Last year in May I was able to borrow a Pentax 645D from Ricoh Imaging Europe. I showed some photo’s I made then: Aylin Yaren, she is a Freestyler, also playing in the German Bundesliga, freestyle-girl-aylin. Taken with the Pentax-FA*645 300mm/f4.

In 2012 I also had the opportunity to borrow a 645D from de Beukelaer, the Pentax distributor in Holland. I also made a report then: Pentax 645D – User review with 85 photo’s: Pentax 645D, userreview (85 foto's)

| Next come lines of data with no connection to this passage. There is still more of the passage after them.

lemma Sym_ascending_eq_id:
  assumes "x \<in> Sym n" "\<forall>i. 1 \<le> i \<and> i < n \<longrightarrow> x i < x (Suc i)"
  shows "x = id"
proof -
  have above: "t \<le> x t" if "t \<in> {1..n}" for t
    using that
  proof (induction t)
    case (Suc t)
    show ?case
    proof (cases "t = 0")
      case True then show ?thesis using Sym_apply_in[OF assms(1) Suc.prems] by simp
    next
      case False
      then have "t \<le> x t" "x t < x (Suc t)" using Suc assms(2) by auto
      then show ?thesis by simp
    qed
  qed simp
  have "inv x = id"
  proof (rule Sym_below_id[OF Sym_inv[OF assms(1)]], rule ballI)
    fix m assume "m \<in> {1..n}"
    then have "inv x m \<le> x (inv x m)" using above Sym_apply_in[OF Sym_inv[OF assms(1)]] by blast
    then show "inv x m \<le> m" using assms(1) by simp
  qed
  then have "inv (inv x) = id" by simp
  then show ?thesis using assms(1) by simp
qed

lemma word_prod_Nil [simp]: "word_prod [] = id"
  by (simp add: word_prod_def)

lemma foldr_tau_comp: "foldr (\<lambda>i f. tau i \<circ> f) w g = word_prod w \<circ> g"
  by (induction w) (auto simp: word_prod_def)

lemma word_prod_snoc: "word_prod (w @ [a]) = word_prod w \<circ> tau a"
  using foldr_tau_comp[of w "tau a"] by (simp add: word_prod_def)

lemma word_prod_in_Sym: "set w \<subseteq> {1..<n} \<Longrightarrow> word_prod w \<in> Sym n"
proof (induction w rule: rev_induct)
  case (snoc a w)
  then show ?case unfolding word_prod_snoc by (intro Sym_comp_tau) auto
qed simp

Well, however you look at it, the demand for a full frame camera is a fact. We really didn’t spend much time on this. The expectation is a FF camera will be presented, but both gentlemen weren’t allowed to make a statement about this (or maybe not in the loop). They only said it’s to be expected it is on the way. It is clear this isn’t a simple introduction. The market share for FF camera’s is below the 10% if you count all DSLR’s and mirrorless options (including the Sony compact FF) with all sensors like APS-C, 4/3th, 1-inch and the little Q from Pentax, having the smallest sensor. Because Pentax has only a small part of the total market, they can’t expect a Pentax full frame camera to be a resounding sales hit. It would mostly appeal to the current Pentax users, that want to step up a notch (if the price is right for them). As you probably could expect I brought up the subject for a camera with an APS-H sensor inside.

Ricoh Theta360:
They brought this new camera with them. A truly fun thing to use, with one button (or controlled with a smartphone) you can make a 360 degrees picture. It has 2 camera’s to be able to do this.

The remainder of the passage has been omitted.